_WHAT THE EXERCISE ASKS_: The stretch from the line with "f = (\<integral>\<^sup>+" through the line with "sets (lborel \<Otimes>\<^sub>M" in the records below: write it out exactly, and nothing else.

══ DATA UNDER STUDY

lemma PO_profile_MWW_allocation:
  assumes neg: "\<forall>i<n. \<forall>j<m. v i j < 0" and "u \<in> PO_profiles n m v"
  shows "\<exists>z. allocation n m z \<and> profile n m v z = u \<and> cons_graph n m z \<in> MWW n m v"
proof -
  obtain z0 where po0: "pareto_optimal n m v z0" and u: "u = profile n m v z0"
    using assms(2) unfolding PO_profiles_def by blast
  have "allocation n m z0" using po0 unfolding pareto_optimal_def by blast
  then obtain z where z: "allocation n m z" "profile n m v z = u"
    and max: "\<And>y. allocation n m y \<and> profile n m v y = u \<Longrightarrow>
                card (cons_graph n m y) \<le> card (cons_graph n m z)"
    using exists_max_support[of "\<lambda>y. allocation n m y \<and> profile n m v y = u" z0] u by blast
  have po: "pareto_optimal n m v z"
    using pareto_optimal_same_profile[OF po0 z(1)] z(2) u by simp
  have "nonexpanding_cycles (exchange_arcs n v (cons_graph n m z))"
    using max_support_nonexpanding_cycles[OF neg po] max z(2) by blast
  then obtain \<tau> where "\<forall>i. 0 < \<tau> i" "is_potential \<tau> (exchange_arcs n v (cons_graph n m z))"
    using nonexpanding_cycles_imp_potential[OF finite_lessThan
        finite_exchange_arcs[OF finite_cons_graph] arcs_on_exchange_arcs[OF neg cons_graph_subset]]
    by blast
  then have "cons_graph n m z \<in> MWW n m v"
    using potential_exchange_arcs_tau_graph[OF neg z(1)] unfolding MWW_def by auto
  with z show ?thesis by blast
qed

definition competitive_prices ::
    "nat \<Rightarrow> nat \<Rightarrow> (nat \<Rightarrow> nat \<Rightarrow> real) \<Rightarrow> (nat \<Rightarrow> real) \<Rightarrow> (nat \<Rightarrow> nat \<Rightarrow> real) \<Rightarrow> (nat \<Rightarrow> real) \<Rightarrow> bool" where
  "competitive_prices n m v b z p \<longleftrightarrow> (\<forall>j<m. p j < 0) \<and>
     (\<forall>i<n. (\<Sum>j<m. p j * z i j) \<le> b i \<and>
        (\<forall>x. (\<forall>j<m. 0 \<le> x j) \<and> (\<Sum>j<m. p j * x j) \<le> b i \<longrightarrow>
             bundle_util m v i x \<le> bundle_util m v i (z i)))"

lemma competitive_iff:
  "competitive n m v b z \<longleftrightarrow> allocation n m z \<and> (\<exists>p. competitive_prices n m v b z p)"
  unfolding competitive_def competitive_prices_def by (simp add: le_less)

lemma allocation_total_spend:
  assumes "allocation n m y"
  shows "(\<Sum>i<n. \<Sum>j<m. p j * y i j) = (\<Sum>j<m. p j)"
proof -
  have "(\<Sum>i<n. \<Sum>j<m. p j * y i j) = (\<Sum>j<m. p j * (\<Sum>i<n. y i j))"
    by (simp add: sum.swap[of _ "{..<n}"] sum_distrib_left)
  also have "\<dots> = (\<Sum>j<m. p j)"
    using assms unfolding allocation_def by simp
  finally show ?thesis .
qed
(* Let $\sigma>0$, $A>0$, $\alpha>A\sigma$, and let $f_1,f_2:\mathbb{R}\to\mathbb{R}$ each be continuous, bandlimited to $\sigma$ rad/s, with $|f_j(t)|\le A/(1+t^2)$ for all $t$. For $j=1,2$ let $g_j(t)=\alpha t+f_j(t)$ and $h_j(u)=g_j^{-1}(u)-u/\alpha$. Then $$\|h_1-h_2\|_1=\|f_1-f_2\|_1 .$$
   Context: Fourier transform convention: $\hat f(\xi)=\int_{\mathbb{R}}f(t)e^{-i2\pi\xi t}\,dt$; $f$ is bandlimited to $\sigma$ rad/s if $\hat f(\xi)=0$ for $|\xi|>\sigma/(2\pi)$. $\|\cdot\|_1$ is the $L^1(\mathbb{R})$ norm. *)

theory Defs
  imports "HOL-Analysis.Analysis"
begin

definition fourier_transform :: "(real \<Rightarrow> real) \<Rightarrow> real \<Rightarrow> complex" where
  "fourier_transform f \<xi> =
     (LINT t|lborel. complex_of_real (f t) * cis (- 2 * pi * \<xi> * t))"

definition bandlimited :: "real \<Rightarrow> (real \<Rightarrow> real) \<Rightarrow> bool" where
  "bandlimited \<sigma> f \<longleftrightarrow> (\<forall>\<xi>. \<bar>\<xi>\<bar> > \<sigma> / (2 * pi) \<longrightarrow> fourier_transform f \<xi> = 0)"

definition L1_norm :: "(real \<Rightarrow> real) \<Rightarrow> ennreal" where
  "L1_norm f = (\<integral>\<^sup>+ t. ennreal \<bar>f t\<bar> \<partial>lborel)"

end

theory Submission
  imports Defs "HOL-Probability.Levy"
begin

text \<open>
  The terms \<open>u/\<alpha>\<close> cancel, so the claim compares the L1 distance
  of \<open>g\<^sub>1\<^sup>-\<^sup>1, g\<^sub>2\<^sup>-\<^sup>1\<close> with that of \<open>g\<^sub>1, g\<^sub>2\<close>. For increasing bijections of the line both are the
  area of the region between the two graphs, sliced horizontally resp. vertically (Tonelli).
  Each \<open>g\<^sub>j\<close> is an increasing bijection because \<open>f\<^sub>j\<close> is Lipschitz with constant \<open>\<sigma>' A < \<alpha>\<close>
  for any \<open>\<sigma>' > \<sigma>\<close>: this is Bernstein's inequality for bandlimited functions, obtained from
  Boas' formula, which writes differentiation on the band as an absolutely convergent
  combination of translations whose coefficients come from the Fourier series of the
  triangle wave; Fourier uniqueness transfers the identity from the spectrum to \<open>f\<close>.
\<close>

section \<open>The L1 distance of inverse functions\<close>

lemma nn_integral_pos_diff_inv:
  fixes g1 g2 :: "real \<Rightarrow> real"
  assumes m1: "strict_mono g1" and m2: "strict_mono g2" and s1: "surj g1" and s2: "surj g2"
  shows "(\<integral>\<^sup>+t. ennreal (max 0 (g2 t - g1 t)) \<partial>lborel)
       = (\<integral>\<^sup>+u. ennreal (max 0 (inv g1 u - inv g2 u)) \<partial>lborel)"
proof -
  have le_iff: "g1 t \<le> u \<longleftrightarrow> t \<le> inv g1 u" for t u
    using strict_mono_less_eq[OF m1, of t "inv g1 u"] s1 by (simp add: surj_f_inv_f)
  have less_iff: "u < g2 t \<longleftrightarrow> inv g2 u < t" for t u
    using strict_mono_less[OF m2, of "inv g2 u" t] s2 by (simp add: surj_f_inv_f)
  have [measurable]: "g1 \<in> borel_measurable borel" "g2 \<in> borel_measurable borel"
    using m1 m2 by (auto intro: borel_measurable_mono strict_mono_mono)
  define S where "S = {p::real \<times> real. g1 (fst p) \<le> snd p \<and> snd p < g2 (fst p)}"
  have "Measurable.pred (lborel \<Otimes>\<^sub>M lborel) (\<lambda>p::real \<times> real. g1 (fst p) \<le> snd p \<and> snd p < g2 (fst p))"
    by measurable
  then have S_sets: "S \<in> sets (lborel \<Otimes>\<^sub>M lborel)"
    unfolding S_def pred_def by (simp add: space_pair_measure)
  have "(\<integral>\<^sup>+t. ennreal (max 0 (g2 t - g1 t)) \<partial>lborel)
      = (\<integral>\<^sup>+t. (\<integral>\<^sup>+u. indicator S (t, u) \<partial>lborel) \<partial>lborel)"
  proof (intro nn_integral_cong)
    fix t
    have "(\<lambda>u. indicator S (t, u) :: ennreal) = indicator {g1 t..<g2 t}"
      by (auto simp: S_def indicator_def)
    then show "ennreal (max 0 (g2 t - g1 t)) = (\<integral>\<^sup>+u. indicator S (t, u) \<partial>lborel)"
      by (cases "g1 t \<le> g2 t") (auto simp: max_def)
  qed
  also have "\<dots> = (\<integral>\<^sup>+u. (\<integral>\<^sup>+t. indicator S (t, u) \<partial>lborel) \<partial>lborel)"
    by (rule lborel_pair.Fubini'[symmetric]) (use S_sets in simp)
  also have "\<dots> = (\<integral>\<^sup>+u. ennreal (max 0 (inv g1 u - inv g2 u)) \<partial>lborel)"
  proof (intro nn_integral_cong)
    fix u
    have "(\<lambda>t. indicator S (t, u) :: ennreal) = indicator {inv g2 u<..inv g1 u}"
      by (auto simp: S_def indicator_def le_iff less_iff)
    then show "(\<integral>\<^sup>+t. indicator S (t, u) \<partial>lborel) = ennreal (max 0 (inv g1 u - inv g2 u))"
      by (cases "inv g2 u \<le> inv g1 u") (auto simp: max_def)
  qed
  finally show ?thesis .
qed
(* Let $\beta,\mu$ be positive reals with $\beta+2\sqrt{\mu}\le\frac{1}{1200}$. Let $G$ be an $n$-vertex graph with minimum degree at least $\frac{n}{5}$ and at least $\binom{n}{2}-\beta n^2$ edges, and let $\mathcal{F}$ be a $\mu n$-bounded incompatibility system over $G$. Then for every edge $e$ of $G$ there exists a Hamilton cycle of $G$ containing $e$ that is compatible with $\mathcal{F}$.
   Context: All graphs are finite and simple. An incompatibility system $\mathcal{F}$ over $G=(V,E)$ is a family $\{F_v\}_{v\in V}$ where each $F_v$ is a set of unordered pairs $\{e,e'\}$ of distinct edges with $e\cap e'=\{v\}$; edges $e,e'$ are incompatible if $\{e,e'\}\in F_v$ for some $v$, compatible otherwise. A cycle is compatible with $\mathcal{F}$ if every pair of its edges is compatible. For a positive real $\Delta$, $\mathcal{F}$ is $\Delta$-bounded if for every vertex $v$ and edge $e\ni v$, at most $\Delta$ other edges $e'\ni v$ satisfy $\{e,e'\}\in F_v$. *)

theory Defs
  imports Complex_Main
begin

definition simple_graph :: "'a set \<Rightarrow> 'a set set \<Rightarrow> bool" where
  "simple_graph V E \<longleftrightarrow> finite V \<and>
     (\<forall>e\<in>E. \<exists>u v. e = {u, v} \<and> u \<noteq> v \<and> u \<in> V \<and> v \<in> V)"

definition degree :: "'a set set \<Rightarrow> 'a \<Rightarrow> nat" where
  "degree E v = card {u. {u, v} \<in> E}"

definition incompatibility_system :: "'a set set \<Rightarrow> ('a \<Rightarrow> 'a set set set) \<Rightarrow> bool" where
  "incompatibility_system E F \<longleftrightarrow>
     (\<forall>v. \<forall>p\<in>F v. \<exists>e e'. p = {e, e'} \<and> e \<in> E \<and> e' \<in> E \<and> e \<noteq> e' \<and> e \<inter> e' = {v})"
lemma span_split_components_eq_UNIV:
  assumes r: "r \<le> d" and v: "es r v \<noteq> 0"
    and below_t: "\<forall>j\<le>d. j < t \<longrightarrow> (\<forall>x. e j x = 0)"
  shows "span (\<Union>i. split_component r t i) = UNIV"
proof -
  let ?G = "\<Union>i. split_component r t i"
  have span_invariant: "f ` span ?G \<subseteq> span ?G"
    if f: "Vector_Spaces.linear scale scale f"
      and step: "\<And>u i. u \<in> split_component r t i \<Longrightarrow> \<exists>c. f u - scale c u \<in> ?G" for f
  proof -
    have "f u \<in> span ?G" if u: "u \<in> split_component r t i" for u i
    proof -
      obtain c where "f u - scale c u \<in> ?G" using step[OF u] by blast
      moreover have "u \<in> ?G" using u by blast
      ultimately have "(f u - scale c u) + scale c u \<in> span ?G"
        by (meson span_add span_base span_scale)
      then show ?thesis by simp
    qed
    then have "span (f ` ?G) \<subseteq> span ?G"
      by (intro span_minimal subspace_span) blast
    then show ?thesis by (simp add: dec.vsp.linear_span_image[OF f])
  qed
  have "a ` span ?G \<subseteq> span ?G"
    using span_invariant[OF linear_a] a_minus_scale_split_component by blast
  moreover have "as ` span ?G \<subseteq> span ?G"
  proof (rule span_invariant[OF linear_as])
    fix u i assume u: "u \<in> split_component r t i"
    show "\<exists>c. as u - scale c u \<in> ?G"
    proof (cases i)
      case 0
      have "as u - scale (ths r) u \<in> dec_s.flag_below r"
        using u dec_s.A_minus_scale_flag_below[of u r] dec_s.flag_below_mono[of "r - 1" r]
        by (auto simp: split_component_def 0)
      then have "as u - scale (ths r) u \<in> split_component r t 0"
        using dec.flag_above_eq_UNIV[OF below_t] by (simp add: split_component_def)
      then show ?thesis by blast
    next
      case (Suc i')
      then show ?thesis using as_minus_scale_split_component u by blast
    qed
  qed
  moreover have "es r v \<in> split_component r t 0"
    using dec.flag_above_eq_UNIV[OF below_t] dec_s.E_E[OF _ r]
    by (simp add: split_component_def dec_s.flag_below_def)
  then have "span ?G \<noteq> {0}" using v by (blast intro: span_base)
  ultimately show ?thesis using invariant_subspace_trivial[of "span ?G"] by auto
qed

lemma es_support_length_le:
  assumes rd: "r + \<delta> \<le> d"
    and es_supp: "\<forall>i\<le>d. (\<exists>v. es i v \<noteq> 0) \<longleftrightarrow> r \<le> i \<and> i \<le> r + \<delta>"
    and e_supp: "\<forall>i\<le>d. (\<exists>v. e i v \<noteq> 0) \<longleftrightarrow> t \<le> i \<and> i \<le> t + \<delta>s"
  shows "\<delta> \<le> \<delta>s"
proof (rule ccontr)
  assume "\<not> \<delta> \<le> \<delta>s"
  have top_vanishes: "es (r + \<delta>) x = 0" if x: "x \<in> split_component r t i" for x i
  proof (cases "i \<le> \<delta>s")
    case True
    then show ?thesis
      using x rd \<open>\<not> \<delta> \<le> \<delta>s\<close> by (simp add: split_component_def dec_s.flag_below_def)
  next
    case False
    then have "\<forall>j\<le>d. e j x = 0"
      using x e_supp by (force simp: split_component_def dec.flag_above_def)
    then show ?thesis
      using dec.eq_0_if_E_eq_0 dec.vsp.linear_0[OF dec_s.linear_E] rd by auto
  qed
  have r: "r \<le> d" using rd by simp
  obtain v where v: "es r v \<noteq> 0" using es_supp[rule_format, OF r] by auto
  have "\<forall>j\<le>d. j < t \<longrightarrow> (\<forall>x. e j x = 0)" using e_supp by auto
  then have "span (\<Union>i. split_component r t i) = UNIV"
    using span_split_components_eq_UNIV[OF r v] by auto
  then have "es (r + \<delta>) x = 0" for x
    using dec.vsp.linear_eq_0_on_span[OF dec_s.linear_E[OF rd]] top_vanishes by blast
  moreover obtain w where "es (r + \<delta>) w \<noteq> 0" using es_supp[rule_format, OF rd] by auto
  ultimately show False by blast
qed

end

theorem proposition5p4:
  fixes scale :: "'f::field \<Rightarrow> 'v::ab_group_add \<Rightarrow> 'v"
    and d :: nat and th ths :: "nat \<Rightarrow> 'f"
    and a as :: "'v \<Rightarrow> 'v" and e es :: "nat \<Rightarrow> 'v \<Rightarrow> 'v"
    and r \<delta> t \<delta>s :: nat
  assumes vs: "vector_space scale"
    and fin: "\<exists>B. finite B \<and> module.span scale B = UNIV"
    and th_dist: "inj_on th {..d}" and ths_dist: "inj_on ths {..d}"
    and recur: "\<exists>c::'f. \<forall>i. 2 \<le> i \<and> i + 1 \<le> d \<longrightarrow>
                 (th (i-2) - th (i+1)) / (th (i-1) - th i) = c \<and>
                 (ths (i-2) - ths (i+1)) / (ths (i-1) - ths i) = c"
    and irr: "irreducible_T_module scale d th ths a e as es"
    and rd: "r + \<delta> \<le> d" and td: "t + \<delta>s \<le> d"
    and es_supp: "\<forall>i\<le>d. (\<exists>v. es i v \<noteq> 0) \<longleftrightarrow> r \<le> i \<and> i \<le> r + \<delta>"
    and e_supp: "\<forall>i\<le>d. (\<exists>v. e i v \<noteq> 0) \<longleftrightarrow> t \<le> i \<and> i \<le> t + \<delta>s"
  shows "\<delta> = \<delta>s \<and>
         tridiagonal_system scale a (\<lambda>i. e (t + i)) \<delta> as (\<lambda>i. es (r + i)) \<delta>"
proof -
  interpret M: irreducible_T_space scale d th ths a as e es
    by (intro irreducible_T_space.intro irreducible_T_space_axioms.intro vs irr th_dist ths_dist)
  interpret M': irreducible_T_space scale d ths th as a es e
    by (intro irreducible_T_space.intro irreducible_T_space_axioms.intro vs
        irreducible_T_module_swap[OF irr] th_dist ths_dist)
  have "\<delta> \<le> \<delta>s" by (rule M.es_support_length_le[OF rd es_supp e_supp])
  moreover have "\<delta>s \<le> \<delta>" by (rule M'.es_support_length_le[OF td e_supp es_supp])
  ultimately have \<delta>: "\<delta> = \<delta>s" by simp
  show ?thesis
    unfolding tridiagonal_system_def
  proof (intro conjI allI impI)
    show "primitive_idempotent_seq scale a (\<lambda>i. e (t + i)) \<delta>"
      using M.dec.primitive_idempotent_seq_window td e_supp \<delta> by simp
    show "tridiagonal_action as (\<lambda>i. e (t + i)) \<delta>"
      using M.dec.tridiagonal_action_window[OF M.linear_as M.block_tridiagonal_as] td e_supp \<delta>
      by simp
  qed (use \<delta> M.linear_a M.linear_as M.invariant_subspace_trivial
        M.dec_s.primitive_idempotent_seq_window[OF rd es_supp]
        M.dec_s.tridiagonal_action_window[OF M.linear_a M.block_tridiagonal_a rd es_supp] in auto)
qed

end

════

_RESULT OF THIS EXERCISE_:
  "L1_norm f = (\<integral>\<^sup>+ t. ennreal \<bar>f t\<bar> \<partial>lborel)"

end

theory Submission
  imports Defs "HOL-Probability.Levy"
begin

text \<open>
  The terms \<open>u/\<alpha>\<close> cancel, so the claim compares the L1 distance
  of \<open>g\<^sub>1\<^sup>-\<^sup>1, g\<^sub>2\<^sup>-\<^sup>1\<close> with that of \<open>g\<^sub>1, g\<^sub>2\<close>. For increasing bijections of the line both are the
  area of the region between the two graphs, sliced horizontally resp. vertically (Tonelli).
  Each \<open>g\<^sub>j\<close> is an increasing bijection because \<open>f\<^sub>j\<close> is Lipschitz with constant \<open>\<sigma>' A < \<alpha>\<close>
  for any \<open>\<sigma>' > \<sigma>\<close>: this is Bernstein's inequality for bandlimited functions, obtained from
  Boas' formula, which writes differentiation on the band as an absolutely convergent
  combination of translations whose coefficients come from the Fourier series of the
  triangle wave; Fourier uniqueness transfers the identity from the spectrum to \<open>f\<close>.
\<close>

section \<open>The L1 distance of inverse functions\<close>

lemma nn_integral_pos_diff_inv:
  fixes g1 g2 :: "real \<Rightarrow> real"
  assumes m1: "strict_mono g1" and m2: "strict_mono g2" and s1: "surj g1" and s2: "surj g2"
  shows "(\<integral>\<^sup>+t. ennreal (max 0 (g2 t - g1 t)) \<partial>lborel)
       = (\<integral>\<^sup>+u. ennreal (max 0 (inv g1 u - inv g2 u)) \<partial>lborel)"
proof -
  have le_iff: "g1 t \<le> u \<longleftrightarrow> t \<le> inv g1 u" for t u
    using strict_mono_less_eq[OF m1, of t "inv g1 u"] s1 by (simp add: surj_f_inv_f)
  have less_iff: "u < g2 t \<longleftrightarrow> inv g2 u < t" for t u
    using strict_mono_less[OF m2, of "inv g2 u" t] s2 by (simp add: surj_f_inv_f)
  have [measurable]: "g1 \<in> borel_measurable borel" "g2 \<in> borel_measurable borel"
    using m1 m2 by (auto intro: borel_measurable_mono strict_mono_mono)
  define S where "S = {p::real \<times> real. g1 (fst p) \<le> snd p \<and> snd p < g2 (fst p)}"
  have "Measurable.pred (lborel \<Otimes>\<^sub>M lborel) (\<lambda>p::real \<times> real. g1 (fst p) \<le> snd p \<and> snd p < g2 (fst p))"
    by measurable
  then have S_sets: "S \<in> sets (lborel \<Otimes>\<^sub>M lborel)"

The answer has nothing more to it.